Trade payables and other non-derivative financial liabilities are generally measured at amortized cost using the effective interest method. The Company has not yet made use of the option to designate financial liabilities upon initial recognition as financial liabilities at fair value through profit or loss. Gains and losses are recognized in profit or loss when the liabilities are derecognized as well as through the amortisation process. Financial liabilities are derecognized when the obligation under the liability is discharged, cancelled or expires.

Other liabilities are generally measured at amortized cost using the effective interest method.

Dividend distribution to the Company's shareholder is recognized as a liability in the financial statement in the period in which the dividends are approved by the Company's shareholders.

Provisions are recognized when the company has a present obligation as a result of a past event, it is probable that an outflow of resources embodying economic benefits will be required to settle the obligation and a reliable estimate can be made of the amount of the obligation.

Interest income (expense) is recognized as it accrues, using the effective interest method.

Other financial income (expense) includes gains (losses) from derivative financial instruments and from foreign exchange. Foreign-currency transactions are translated into the functional currency at the exchange rate at the date of transaction. At statement of financial position dates, monetary items are translated at the closing rate, and non-monetary items are translated at the exchange rate at the date of transaction. Exchange rate differences are recognized in other financial income (expense) in profit or loss.
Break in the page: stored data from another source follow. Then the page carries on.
definition lin_equiv :: "'v set \<Rightarrow> ('v \<Rightarrow> 'v \<Rightarrow> nat) \<Rightarrow> ('v \<Rightarrow> int) \<Rightarrow> ('v \<Rightarrow> int) \<Rightarrow> bool" where
  "lin_equiv V m D D' \<longleftrightarrow> (\<exists>f. \<forall>x. D' x = D x - lap V m f x)"

definition equiv_eff :: "'v set \<Rightarrow> ('v \<Rightarrow> 'v \<Rightarrow> nat) \<Rightarrow> ('v \<Rightarrow> int) \<Rightarrow> bool" where
  "equiv_eff V m D \<longleftrightarrow> (\<exists>F. divisor V F \<and> effective F \<and> lin_equiv V m D F)"

definition rank :: "'v set \<Rightarrow> ('v \<Rightarrow> 'v \<Rightarrow> nat) \<Rightarrow> ('v \<Rightarrow> int) \<Rightarrow> int" where
  "rank V m D = (if \<not> equiv_eff V m D then -1 else
     (GREATEST r::int. 0 \<le> r \<and> (\<forall>E. divisor V E \<and> effective E \<and> deg V E = r
         \<longrightarrow> equiv_eff V m (\<lambda>x. D x - E x))))"

definition twist :: "('v \<Rightarrow> int) \<Rightarrow> 'v \<Rightarrow> 'v \<Rightarrow> int \<Rightarrow> int \<Rightarrow> 'v \<Rightarrow> int" where
  "twist D u v a b = (\<lambda>x. D x + a * vtx u x + b * vtx v x)"

definition Delta :: "'v set \<Rightarrow> ('v \<Rightarrow> 'v \<Rightarrow> nat) \<Rightarrow> 'v \<Rightarrow> 'v \<Rightarrow> ('v \<Rightarrow> int) \<Rightarrow> int" where
  "Delta V m u v D = rank V m D - rank V m (twist D u v (-1) 0)
     - rank V m (twist D u v 0 (-1)) + rank V m (twist D u v (-1) (-1))"

definition submodular :: "'v set \<Rightarrow> ('v \<Rightarrow> 'v \<Rightarrow> nat) \<Rightarrow> 'v \<Rightarrow> 'v \<Rightarrow> ('v \<Rightarrow> int) \<Rightarrow> bool" where
  "submodular V m u v D \<longleftrightarrow> (\<forall>a b. 0 \<le> Delta V m u v (twist D u v a b))"

definition transmission_perm ::
  "'v set \<Rightarrow> ('v \<Rightarrow> 'v \<Rightarrow> nat) \<Rightarrow> 'v \<Rightarrow> 'v \<Rightarrow> ('v \<Rightarrow> int) \<Rightarrow> int \<Rightarrow> int" where
  "transmission_perm V m u v D = (THE \<tau>. bij \<tau> \<and>
     (\<forall>a b. Delta V m u v (twist D u v a (- b)) = (if \<tau> b = a then 1 else 0)))"

definition sci_pairs :: "(int \<Rightarrow> int) \<Rightarrow> (int \<times> int) set" where
  "sci_pairs \<alpha> = {(x, y). x < y \<and> 0 < \<alpha> x \<and> \<alpha> y \<le> 0}"

definition sci :: "(int \<Rightarrow> int) \<Rightarrow> nat" where
  "sci \<alpha> = card (sci_pairs \<alpha>)"

definition s_seq :: "'v set \<Rightarrow> ('v \<Rightarrow> 'v \<Rightarrow> nat) \<Rightarrow> ('v \<Rightarrow> int) \<Rightarrow> 'v \<Rightarrow> nat \<Rightarrow> int" where
  "s_seq V m D v i = (LEAST l::int. int i \<le> rank V m (\<lambda>x. D x + l * vtx v x))"

definition wlambda :: "'v set \<Rightarrow> ('v \<Rightarrow> 'v \<Rightarrow> nat) \<Rightarrow> ('v \<Rightarrow> int) \<Rightarrow> 'v \<Rightarrow> nat \<Rightarrow> int" where
  "wlambda V m D v i = int i - s_seq V m D v i + genus V m - deg V D"

definition wsize :: "'v set \<Rightarrow> ('v \<Rightarrow> 'v \<Rightarrow> nat) \<Rightarrow> ('v \<Rightarrow> int) \<Rightarrow> 'v \<Rightarrow> int" where
  "wsize V m D v = (\<Sum>i\<in>{i. wlambda V m D v i \<noteq> 0}. wlambda V m D v i)"

end

theory Submission
  imports Defs
begin

text \<open>
  Riemann--Roch is only needed in two crude forms: \<open>r(D) = -1\<close> if \<open>deg D < 0\<close>, and
  \<open>r(D) = deg D - g\<close> if \<open>deg D \<ge> 2g\<close>. The latter follows because every divisor of degree
  \<open>\<ge> g\<close> is equivalent to an effective one (reduce it at a vertex \<open>q\<close> and run Dhar's burning
  algorithm), while the divisor of an acyclic orientation minus one chip per vertex has degree
  \<open>g - 1\<close> and is not. Hence the array \<open>R(a,b) = r(D + a u - b v)\<close> is affine off a diagonal
  band, so the mixed differences \<open>\<Delta>\<close> telescope to row and column sums \<open>1\<close>; being \<open>\<ge> 0\<close>,
  they form the permutation matrix of \<open>\<tau>\<close>. Consequently \<open>\<rho>(b) = r(D - b v)\<close> drops by one
  exactly at the \<open>b\<close> with \<open>\<tau> b \<le> 0\<close>, and \<open>-s_i(D,v)\<close> is the drop from \<open>i\<close> to \<open>i - 1\<close>.
  Counting the \<open>x < b\<close> with \<open>\<tau> x > 0\<close> shows that \<open>\<lambda>_i(D,v)\<close> is the number of
  sign-changing inversions \<open>(x, -s_i)\<close>, and summing over \<open>i\<close> gives the theorem.
\<close>

section \<open>Chip-firing\<close>

lemma graph_finite: "graph V m \<Longrightarrow> finite V"
  and graph_nonempty: "graph V m \<Longrightarrow> V \<noteq> {}"
  and graph_sym: "graph V m \<Longrightarrow> m x y = m y x"
  and graph_loopless: "graph V m \<Longrightarrow> m x x = 0"
  and graph_edge_in: "graph V m \<Longrightarrow> 0 < m x y \<Longrightarrow> y \<in> V"
  and graph_connected: "graph V m \<Longrightarrow> x \<in> V \<Longrightarrow> y \<in> V \<Longrightarrow> (x, y) \<in> {(a, b). 0 < m a b}\<^sup>*"
  unfolding graph_def by blast+

lemma obtain_max_point:
  fixes f :: "'a \<Rightarrow> 'b::linorder"
  assumes "finite A" "A \<noteq> {}"
  obtains x where "x \<in> A" "\<And>y. y \<in> A \<Longrightarrow> f y \<le> f x"
  using obtains_MAX[OF assms, of f] by (metis Max_ge finite_imageI imageI assms(1))

lemma lap_add: "lap V m (\<lambda>x. f x + g x) x = lap V m f x + lap V m g x"
  unfolding lap_def by (auto simp: sum.distrib[symmetric] algebra_simps)

lemma lap_scale: "lap V m (\<lambda>x. c * f x) x = c * lap V m f x"
  unfolding lap_def by (auto simp: sum_distrib_left algebra_simps)

lemma lap_uminus: "lap V m (\<lambda>x. - f x) x = - lap V m f x"
  using lap_scale[of V m "-1" f x] by simp

lemma lap_diff: "lap V m (\<lambda>x. f x - g x) x = lap V m f x - lap V m g x"
  using lap_add[of V m f "\<lambda>x. - g x" x] lap_uminus[of V m g x] by simp

lemma lap_zero: "lap V m (\<lambda>x. 0) x = 0"
  unfolding lap_def by simp

lemma lap_outside: "x \<notin> V \<Longrightarrow> lap V m f x = 0"
  unfolding lap_def by simp

lemma sum_lap_eq_0:
  assumes G: "graph V m"
  shows "(\<Sum>x\<in>V. lap V m f x) = 0"
proof -
  have "(\<Sum>x\<in>V. lap V m f x)
      = (\<Sum>x\<in>V. \<Sum>y\<in>V. int (m x y) * f x) - (\<Sum>x\<in>V. \<Sum>y\<in>V. int (m x y) * f y)"
    unfolding lap_def by (simp add: sum_subtractf[symmetric] algebra_simps)
  also have "(\<Sum>x\<in>V. \<Sum>y\<in>V. int (m x y) * f y) = (\<Sum>y\<in>V. \<Sum>x\<in>V. int (m x y) * f y)"
    by (rule sum.swap)
  also have "\<dots> = (\<Sum>x\<in>V. \<Sum>y\<in>V. int (m x y) * f x)"
    using graph_sym[OF G] by simp
  finally show ?thesis by simp
qed

lemma deg_add: "deg V (\<lambda>x. D x + E x) = deg V D + deg V E"
  unfolding deg_def by (simp add: sum.distrib)

lemma deg_diff: "deg V (\<lambda>x. D x - E x) = deg V D - deg V E"
  unfolding deg_def by (simp add: sum_subtractf)

lemma deg_twist:
  assumes "finite V" "u \<in> V" "v \<in> V"
  shows "deg V (twist D u v a b) = deg V D + a + b"
  using assms unfolding twist_def deg_def vtx_def by (simp add: sum.distrib sum_distrib_left[symmetric])

lemma divisor_diff: "divisor V D \<Longrightarrow> divisor V E \<Longrightarrow> divisor V (\<lambda>x. D x - E x)"
  unfolding divisor_def by simp

lemma divisor_twist: "divisor V D \<Longrightarrow> u \<in> V \<Longrightarrow> v \<in> V \<Longrightarrow> divisor V (twist D u v a b)"
  unfolding divisor_def twist_def vtx_def by auto

lemma twist_twist: "twist (twist D u v a b) u v a' b' = twist D u v (a + a') (b + b')"
  unfolding twist_def by (auto simp: algebra_simps)

lemma lin_equiv_refl: "lin_equiv V m D D"
  unfolding lin_equiv_def using lap_zero by (intro exI[of _ "\<lambda>x. 0"]) auto

lemma lin_equiv_trans: "lin_equiv V m D D' \<Longrightarrow> lin_equiv V m D' D'' \<Longrightarrow> lin_equiv V m D D''"
  unfolding lin_equiv_def
proof (elim exE)
  fix f g assume "\<forall>x. D' x = D x - lap V m f x" "\<forall>x. D'' x = D' x - lap V m g x"
  then show "\<exists>f. \<forall>x. D'' x = D x - lap V m f x"
    by (intro exI[of _ "\<lambda>x. f x + g x"]) (simp add: lap_add)
qed

lemma lin_equiv_firing: "lin_equiv V m D (\<lambda>x. D x - lap V m f x)"
  unfolding lin_equiv_def by blast

lemma lin_equiv_deg:
  assumes "graph V m" "lin_equiv V m D D'"
  shows "deg V D' = deg V D"
proof -
  obtain f where "\<And>x. D' x = D x - lap V m f x" using assms(2) unfolding lin_equiv_def by blast
  then show ?thesis unfolding deg_def by (simp add: sum_subtractf sum_lap_eq_0[OF assms(1)])
qed

lemma lin_equiv_divisor: "divisor V D \<Longrightarrow> lin_equiv V m D D' \<Longrightarrow> divisor V D'"
  unfolding lin_equiv_def divisor_def by (auto simp: lap_outside)

lemma deg_nonneg_if_equiv_eff:
  assumes "graph V m" "equiv_eff V m D"
  shows "0 \<le> deg V D"
proof -
  obtain F where "effective F" "lin_equiv V m D F" using assms(2) unfolding equiv_eff_def by blast
  then show ?thesis
    using lin_equiv_deg[OF assms(1)] unfolding effective_def deg_def by (metis sum_nonneg)
qed

lemma equiv_eff_if_lin_equiv: "lin_equiv V m D D' \<Longrightarrow> equiv_eff V m D' \<Longrightarrow> equiv_eff V m D"
  unfolding equiv_eff_def using lin_equiv_trans by blast

lemma equiv_eff_add_effective:
  assumes "equiv_eff V m D" "divisor V E" "effective E"
  shows "equiv_eff V m (\<lambda>x. D x + E x)"
proof -
  obtain F f where F: "divisor V F" "effective F" "\<And>x. F x = D x - lap V m f x"
    using assms(1) unfolding equiv_eff_def lin_equiv_def by blast
  show ?thesis
    unfolding equiv_eff_def lin_equiv_def
    using F assms(2,3) by (intro exI[of _ "\<lambda>x. F x + E x"]) (auto simp: divisor_def effective_def)
qed

lemma exists_edge_leaving:
  assumes G: "graph V m" and A: "A \<subseteq> V" "A \<noteq> {}" "A \<noteq> V"
  shows "\<exists>x\<in>A. \<exists>y\<in>V - A. 0 < m x y"
proof -
  obtain b c where b: "b \<in> A" and c: "c \<in> V" "c \<notin> A" using A by blast
  have "(b, c) \<in> {(a, b). 0 < m a b}\<^sup>*" using graph_connected[OF G] b c A(1) by blast
  then have "c \<notin> A \<longrightarrow> (\<exists>x\<in>A. \<exists>y. y \<notin> A \<and> 0 < m x y)"
    by (induction rule: rtrancl_induct) (use b in auto)
  then show ?thesis using c graph_edge_in[OF G] by blast
qed

definition out_weight :: "'v set \<Rightarrow> ('v \<Rightarrow> 'v \<Rightarrow> nat) \<Rightarrow> 'v set \<Rightarrow> 'v \<Rightarrow> int" where
  "out_weight V m A x = (\<Sum>y\<in>V - A. int (m x y))"

lemma out_weight_pos:
  assumes G: "graph V m" and A: "A \<subseteq> V" "A \<noteq> {}" "A \<noteq> V"
  shows "\<exists>x\<in>A. 0 < out_weight V m A x"
proof -
  obtain x y where xy: "x \<in> A" "y \<in> V - A" "0 < m x y"
    using exists_edge_leaving[OF G A] by blast
  have "int (m x y) \<le> out_weight V m A x"
    unfolding out_weight_def by (rule member_le_sum) (use xy graph_finite[OF G] in auto)
  then show ?thesis using xy by force
qed

lemma out_weight_le_lap_at_max:
  assumes "finite V" "x \<in> V" "\<And>y. y \<in> V \<Longrightarrow> f y \<le> f x"
  shows "out_weight V m {y \<in> V. f y = f x} x \<le> lap V m f x"
proof -
  have "out_weight V m {y \<in> V. f y = f x} x = (\<Sum>y\<in>V. if f y = f x then 0 else int (m x y))"
    unfolding out_weight_def using assms(1) by (auto simp: sum.If_cases intro!: sum.cong)
  also have "\<dots> \<le> (\<Sum>y\<in>V. int (m x y) * (f x - f y))"
  proof (rule sum_mono)
    fix y assume "y \<in> V"
    then show "(if f y = f x then 0 else int (m x y)) \<le> int (m x y) * (f x - f y)"
      using assms(3)[of y] by (auto simp: mult_le_cancel_left1)
  qed
  finally show ?thesis unfolding lap_def using assms(2) by simp
qed

lemma lap_indicator:
  assumes "A \<subseteq> V" "finite V"
  shows "x \<in> A \<Longrightarrow> lap V m (\<lambda>y. if y \<in> A then 1 else 0) x = out_weight V m A x"
    and "x \<in> V - A \<Longrightarrow> lap V m (\<lambda>y. if y \<in> A then 1 else 0) x \<le> 0"
proof -
  assume x: "x \<in> A"
  have "lap V m (\<lambda>y. if y \<in> A then 1 else 0) x = (\<Sum>y\<in>V. if y \<in> A then 0 else int (m x y))"
    unfolding lap_def using x assms(1) by (auto intro!: sum.cong)
  then show "lap V m (\<lambda>y. if y \<in> A then 1 else 0) x = out_weight V m A x"
    unfolding out_weight_def using assms(2) by (simp add: sum.If_cases Diff_eq)
next
  assume "x \<in> V - A"
  then show "lap V m (\<lambda>y. if y \<in> A then 1 else 0) x \<le> 0"
    unfolding lap_def by (auto intro!: sum_nonpos)
qed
Deutsche Telekom International Finance B.V., Amsterdam - Annual report for the year ended December 31, 2011


The exchange rates of significant currencies changed as follows:

in € Average rate Rate at balance sheet date
2011 2010 Dec. 31, 2011 Dec. 31, 2010
1 Pound sterling (GBP) 1.15203 1.16553 1.19583 1.15979
1000 Hungarian forints (HUF) 3.58103 3.63022 3.18883 3.59999
1 U.S. dollar (USD) 0.71801 0.75398 0.77246 0.74698

Current income tax assets and liabilities for the current and prior periods are measured at the amount expected to be recovered from or paid to the tax authorities. The tax rates and tax laws used to compute the amounts are those that are enacted by the statement of financial position date.
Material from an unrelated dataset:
(* Let $R$ be a Noetherian ring, let $N\subsetneq M$ be finitely generated $R$-modules, and let $X\subseteq\operatorname{Ass}(M/N)$. Then the primary decompositions of $N$ in $M$ are independent over $X$ if and only if $X$ is an open subset of $\operatorname{Ass}(M/N)$, where $\operatorname{Ass}(M/N)$ carries the subspace topology induced from the Zariski topology on $\operatorname{Spec}(R)$.
   Context: A submodule $Q\subseteq M$ is $P$-primary if $\operatorname{Ass}(M/Q)=\{P\}$. A primary decomposition of $N$ in $M$ means an irredundant and minimal primary decomposition $N=Q_1\cap\cdots\cap Q_s$ with $Q_i$ being $P_i$-primary, the $P_i$ distinct, so $\operatorname{Ass}(M/N)=\{P_1,\dots,P_s\}$; $Q_i$ is called a $P_i$-primary component of $N$ in $M$, and $\Lambda_{P}(N\subsetneq M)$ is the set of all $P$-primary components of $N$ in $M$ (over all such decompositions). Writing $X=\{P_1,\dots,P_r\}$ with $\operatorname{Ass}(M/N)=\{P_1,\dots,P_s\}$, the primary decompositions of $N$ in $M$ are called independent over $X$ if for any two primary decompositions $N=Q_1\cap\cdots\cap Q_s=Q_1'\cap\cdots\cap Q_s'$ with $Q_i,Q_i'\in\Lambda_{P_i}(N\subsetneq M)$ for all $i$, one has $Q_1\cap\cdots\cap Q_r=Q_1'\cap\cdots\cap Q_r'$. *)

theory Defs
  imports "HOL-Analysis.Analysis"
begin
Deferred taxes are recognized for temporary differences between the carrying amounts in the statement of financial position and the tax base. Currently enacted tax laws and tax laws that have been substantively enacted as of the statement of financial position date are used as the basis for measuring deferred taxes. Deferred tax assets are only recognized to the extent that it is probable that future tax profits will be available.

Judgements and estimates

The Company exercises judgement in measuring and recognizing provisions. Judgement is necessary in assessing the likelihood that a liability will arise and to quantify the possible range of the final settlement. These estimates are subject to change as new information becomes available.

Regarding assumptions made for the calculation of fair values we refer to the section under accounting policies (derivative financial instruments).

Deutsche Telekom International Finance B.V., Amsterdam - Annual report for the year ended December 31, 2011


Notes to the statement of comprehensive income

1. Finance income (expense)

The following table provides a breakdown of finance income (expense):

thousands of € 2011 2010
Interest income 1,668,160 1,892,652
Interest expense (1,757,717) (1,990,370)
(89,557) (97,748)

Interest income of thousands of euro (hereafter "TEUR") 1,668,098 has been earned from contracts with Deutsche Telekom group companies in 2011 (2010: TEUR 1,892,629). All interest expense in 2011 and 2010 respectively has been derived from group external debt.

2. Other financial income (expense)

The item breaks down as follows:

thousands of € 2011 2010
Gain (loss) from financial instruments 171,712 (84,045)
Gain (loss) from foreign exchange differences 85,579 213,610
257,261 128,565

The Company does not apply hedge accounting under IFRS. Therefore, all movements in fair value of financial instruments and related income and expenses, are included in 'Other financial income (expenses)'.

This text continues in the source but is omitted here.